Dr. Wood became president and CEO of the Chicago, Illinois-based charity in November 2020.  A one-time MDA grant recipient who’s been involved with the organization one way or another for more than 40 years, he has a doctorate in physiology and began his research at New York Columbia-Presbyterian Medical Center in New York City, specializing in Duchenne.

He’s known for having started the MDA’s Task Force on Genetics, which ultimately led to the discovery of the genetic defect and protein underlying Duchenne, the most common form of muscular dystrophy in children.

“It was an historic achievement when it comes to genetic medicine. It was one of the very first human genetic diseases where we were able to discover the gene without knowing the protein,” Dr. Wood said. “In those days, we knew it was a muscle disease, but we didn’t know where the primary defect was. There were theories that it was in nerve rather than muscle. Some theories even said it had to do with circulation. The methodology we used was so successful that it was also used to uncover the genetic cause of other diseases, such as cystic fibrosis.”

Yet a long-term therapy for Duchenne, let alone a cure, remains elusive—and there’s a good reason for that, Dr. Hesterlee said.

“People were hoping for results like we’ve seen with SMA, but in Duchenne, these boys often aren’t diagnosed until they’re 4 or 5. That’s about the earliest they’re going to get treated, and the results so far have not been as spectacular as everyone had hoped,” she said.

“In SMA, you’re treating nerve cells which don’t really turn over. But if you do gene therapy on an infant with Duchenne, as he grows, he’ll make a lot of muscle that will not have the therapy in it,” she explained. “So it’s not as easy as saying we need to start at birth and treat babies. You may need to treat that child as he gets older, and they develop antibodies to that virus because it’s a viral vector.”

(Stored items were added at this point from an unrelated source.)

lemma ex_subseqs_upt_threshold_iff:
  fixes w :: "nat \<Rightarrow> real"
  assumes nonneg: "\<And>i. i < m \<Longrightarrow> 0 \<le> w i" and "mono R"
  shows "(\<exists>I\<in>set (subseqs [0..<m]). R (\<Sum>i\<leftarrow>I. w i) \<and> (\<forall>i\<in>set I. P i))
           \<longleftrightarrow> R (\<Sum>i | i < m \<and> P i. w i)"
    (is "?lhs \<longleftrightarrow> R (sum w ?A)")
proof
  assume ?lhs
  then obtain I where I: "I \<in> set (subseqs [0..<m])" "R (sum w (set I))" "set I \<subseteq> Collect P"
    by (auto simp: sum_list_subseqs_upt(1))
  have "sum w (set I) \<le> sum w ?A"
    using I(3) sum_list_subseqs_upt(2)[OF I(1)] nonneg by (intro sum_mono2) auto
  with I(2) \<open>mono R\<close> show "R (sum w ?A)"
    by (auto dest: monoD)
next
  assume "R (sum w ?A)"
  moreover obtain I where I: "I \<in> set (subseqs [0..<m])" "set I = ?A"
    using subset_subseqs[of ?A "[0..<m]"] by force
  ultimately show ?lhs
    by (intro bexI[OF _ I(1)]) (auto simp: sum_list_subseqs_upt(1)[OF I(1)] I(2))
qed

lemma sum_list_map_filter_mono:
  fixes f :: "'a \<Rightarrow> 'b::ordered_comm_monoid_add"
  assumes "\<forall>x\<in>set xs. P x \<longrightarrow> Q x" and "\<forall>x\<in>set xs. 0 \<le> f x"
  shows "sum_list (map f (filter P xs)) \<le> sum_list (map f (filter Q xs))"
  using assms by (induction xs) (auto intro: add_mono add_increasing)

lemma fsat_conj_list: "fsat Y (conj_list Fs) \<longleftrightarrow> (\<forall>F\<in>set Fs. fsat Y F)"
  by (induction Fs rule: conj_list.induct) auto

lemma fsat_disj_list: "fsat Y (disj_list Fs) \<longleftrightarrow> (\<exists>F\<in>set Fs. fsat Y F)"
  by (induction Fs rule: disj_list.induct) auto

lemma freduct_conj_list: "freduct Z (conj_list Fs) = conj_list (map (freduct Z) Fs)"
  by (induction Fs rule: conj_list.induct) auto

lemma freduct_disj_list: "freduct Z (disj_list Fs) = disj_list (map (freduct Z) Fs)"
  by (induction Fs rule: disj_list.induct) auto

lemma fsat_freduct_self: "fsat Z (freduct Z F) \<longleftrightarrow> fsat Z F"
  by (induction F) auto

lemma fsat_freduct_angle:
  "fsat Y (freduct Z (angle Fs X)) \<longleftrightarrow> (\<exists>I\<in>set X. \<forall>i\<in>set I. fsat Y (freduct Z (Fs ! i)))"
  by (simp add: angle_def freduct_disj_list freduct_conj_list fsat_disj_list fsat_conj_list)

fun esat_reduct :: "'a lit set \<Rightarrow> 'a lit set \<Rightarrow> 'a elem \<Rightarrow> bool" where
  "esat_reduct Y Z (PosE l) = (l \<in> Y)"
| "esat_reduct Y Z (NegE l) = (l \<notin> Z)"

definition wsum_reduct :: "'a lit set \<Rightarrow> 'a lit set \<Rightarrow> ('a elem \<times> real) list \<Rightarrow> real" where
  "wsum_reduct Y Z S = sum_list (map snd (filter (\<lambda>p. esat_reduct Y Z (fst p)) S))"

definition wcsat_reduct :: "'a lit set \<Rightarrow> 'a lit set \<Rightarrow> 'a wc \<Rightarrow> bool" where
  "wcsat_reduct Y Z C \<longleftrightarrow>
     lower C \<le> ereal (wsum_reduct Y Z (elems C)) \<and> ereal (wsum Z (elems C)) \<le> upper C"

lemma esat_reduct_self: "esat_reduct Z Z c = esat Z c"
  by (cases c) auto

lemma wsum_reduct_self: "wsum_reduct Z Z S = wsum Z S"
  by (simp add: wsum_reduct_def wsum_def esat_reduct_self)

lemma wcsat_reduct_self: "wcsat_reduct Z Z C \<longleftrightarrow> wcsat Z C"
  by (simp add: wcsat_reduct_def wcsat_def wsum_reduct_self)

lemma wsum_reduct_mono:
  assumes "Y \<subseteq> Y'" and "\<forall>p\<in>set S. 0 \<le> snd p"
  shows "wsum_reduct Y Z S \<le> wsum_reduct Y' Z S"
proof -
  have "esat_reduct Y Z c \<longrightarrow> esat_reduct Y' Z c" for c
    using assms(1) by (cases c) auto
  then show ?thesis
    unfolding wsum_reduct_def using assms(2) by (intro sum_list_map_filter_mono) auto
qed

lemma wsum_reduct_eq_wsum:
  assumes "\<forall>l. PosE l \<in> fst ` set S \<longrightarrow> (l \<in> Y \<longleftrightarrow> l \<in> Z)"
  shows "wsum_reduct Y Z S = wsum Z S"
proof -
  have "esat_reduct Y Z c = esat Z c" if "c \<in> fst ` set S" for c
    using assms that by (cases c) auto
  then show ?thesis
    unfolding wsum_reduct_def wsum_def by (metis (mono_tags, lifting) filter_cong image_eqI)
qed

lemma fsat_freduct_elem_form: "fsat Y (freduct Z (elem_form c)) \<longleftrightarrow> esat_reduct Y Z c"
  by (cases c) (auto simp: elem_form_def)

lemma fsat_freduct_threshold:
  assumes nonneg: "\<forall>p\<in>set S. 0 \<le> snd p" and "mono R"
  shows "fsat Y (freduct Z (angle (map (elem_form \<circ> fst) S)
            (filter (\<lambda>I. R (\<Sum>i\<leftarrow>I. snd (S ! i))) (index_subsets (length S)))))
         \<longleftrightarrow> R (wsum_reduct Y Z S)"
proof -
  have "fsat Y (freduct Z (angle (map (elem_form \<circ> fst) S)
            (filter (\<lambda>I. R (\<Sum>i\<leftarrow>I. snd (S ! i))) (index_subsets (length S)))))
     \<longleftrightarrow> (\<exists>I\<in>set (subseqs [0..<length S]).
            R (\<Sum>i\<leftarrow>I. snd (S ! i)) \<and> (\<forall>i\<in>set I. esat_reduct Y Z (fst (S ! i))))"
    using sum_list_subseqs_upt(2)
    by (fastforce simp: fsat_freduct_angle index_subsets_def fsat_freduct_elem_form)
  also have "\<dots> \<longleftrightarrow> R (wsum_reduct Y Z S)"
    unfolding wsum_reduct_def sum_list_map_filter_eq_sum_indices
    using nonneg \<open>mono R\<close> by (intro ex_subseqs_upt_threshold_iff) auto
  finally show ?thesis .
qed

lemma fsat_freduct_tr_ge:
  assumes "\<forall>p\<in>set S. 0 \<le> snd p"
  shows "fsat Y (freduct Z (tr_ge w S)) \<longleftrightarrow> w \<le> ereal (wsum_reduct Y Z S)"
  unfolding tr_ge_def
  by (rule fsat_freduct_threshold[OF assms]) (auto simp: mono_def le_bool_def intro: order_trans)

lemma fsat_freduct_tr_gt:
  assumes "\<forall>p\<in>set S. 0 \<le> snd p"
  shows "fsat Y (freduct Z (tr_gt w S)) \<longleftrightarrow> w < ereal (wsum_reduct Y Z S)"
  unfolding tr_gt_def
  by (rule fsat_freduct_threshold[OF assms]) (auto simp: mono_def le_bool_def intro: less_le_trans)

lemma fsat_freduct_tr_wc:
  assumes "wc_wf C"
  shows "fsat Y (freduct Z (tr_wc C)) \<longleftrightarrow> wcsat_reduct Y Z C"
proof -
  have nonneg: "\<forall>p\<in>set (elems C). 0 \<le> snd p"
    using assms by (simp add: wc_wf_def)
  have "fsat Z (tr_gt (upper C) (elems C)) \<longleftrightarrow> upper C < ereal (wsum Z (elems C))"
    using fsat_freduct_tr_gt[OF nonneg, of Z Z] by (simp add: fsat_freduct_self wsum_reduct_self)
  then show ?thesis
    by (auto simp: tr_wc_def wcsat_reduct_def fsat_freduct_tr_ge[OF nonneg] not_less)
qed

lemma lcsat_lc_reduct: "lcsat Y (lc_reduct Z C) \<longleftrightarrow> lower C \<le> ereal (wsum_reduct Y Z (elems C))"
proof -
  have pos_neg_split: "sum_list (map snd (filter (\<lambda>p. fst p \<in> Y)
          (map (\<lambda>p. (elem_lit (fst p), snd p)) (filter (\<lambda>p. is_pos_elem (fst p)) S))))
        + sum_list (map snd (filter (\<lambda>p. \<not> is_pos_elem (fst p) \<and> esat Z (fst p)) S))
        = wsum_reduct Y Z S" for S
    unfolding wsum_reduct_def
  proof (induction S)
    case (Cons p S)
    then show ?case by (cases p, cases "fst p") auto
  qed simp
  have minus_le: "L - ereal r \<le> ereal s \<longleftrightarrow> L \<le> ereal (s + r)" for L r s
    by (cases L) auto
  show ?thesis
    unfolding lcsat_def lc_reduct_def fst_conv snd_conv minus_le pos_neg_split ..
qed

lemma set_pos_lits: "set (pos_lits C) = {l. PosE l \<in> fst ` set (elems C)}"
  by (force simp: pos_lits_def elim: is_pos_elem.elims)

lemma wprog_wf_body: "wprog_wf \<Omega> \<Longrightarrow> (C0, Cs) \<in> \<Omega> \<Longrightarrow> C \<in> set Cs \<Longrightarrow> wc_wf C"
  unfolding wprog_wf_def by fast

lemma nsat_nreduct_translate_iff:
  assumes "wprog_wf \<Omega>"
  shows "nsat Y (nreduct (translate \<Omega>) Z) \<longleftrightarrow>
    (\<forall>(C0, Cs)\<in>\<Omega>. (\<forall>C\<in>set Cs. wcsat_reduct Y Z C) \<longrightarrow>
       (\<forall>l\<in>set (pos_lits C0). l \<in> Z \<longrightarrow> l \<in> Y) \<and> wcsat_reduct Y Z C0)"
    (is "_ \<longleftrightarrow> ?rhs")
proof -
  have "fsat Y (freduct Z (fst (tr_rule (C0, Cs))))
          \<longleftrightarrow> (\<forall>l\<in>set (pos_lits C0). l \<in> Z \<longrightarrow> l \<in> Y) \<and> wcsat_reduct Y Z C0"
       "fsat Y (freduct Z (snd (tr_rule (C0, Cs)))) \<longleftrightarrow> (\<forall>C\<in>set Cs. wcsat_reduct Y Z C)"
    if "(C0, Cs) \<in> \<Omega>" for C0 Cs
    using that assms
    by (auto simp: wprog_wf_def tr_rule_def freduct_conj_list fsat_conj_list fsat_freduct_tr_wc)
  note tr_rule_sides = this
  have "nsat Y (nreduct (translate \<Omega>) Z) \<longleftrightarrow>
      (\<forall>r\<in>\<Omega>. fsat Y (freduct Z (snd (tr_rule r))) \<longrightarrow> fsat Y (freduct Z (fst (tr_rule r))))"
    unfolding nsat_def nreduct_def translate_def by (auto simp: case_prod_beta)
  also have "\<dots> \<longleftrightarrow> ?rhs"
    by (intro ball_cong refl) (auto simp: tr_rule_sides)
  finally show ?thesis .
qed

On October 28, 2021, the MDA announced 18 grants totaling more than $1.6 million; most of them are directed toward research in Duchenne, SMA, amyotrophic lateral sclerosis (ALS), Charcot-Marie-Tooth disease, and myotonic dystrophy.

“This is a new frontier. We are discovering things that no one has ever seen before,” Dr. Wood said. “An advance in one area, such as discovering the gene for Duchenne, leads very quickly to advances in other areas. The MDA started out looking at about 40 neuromuscular diseases, but now we have literally hundreds, and we’re finding out more and more about the genetics underlying various kinds of muscle weaknesses that people experience—disorders that had no name before and now we’re being able to identify them.”

Dr. Wood added: “The participation of patients in our research is absolutely essential. You can’t do genetic research without talking to the patients. They are very much a part of our progress.”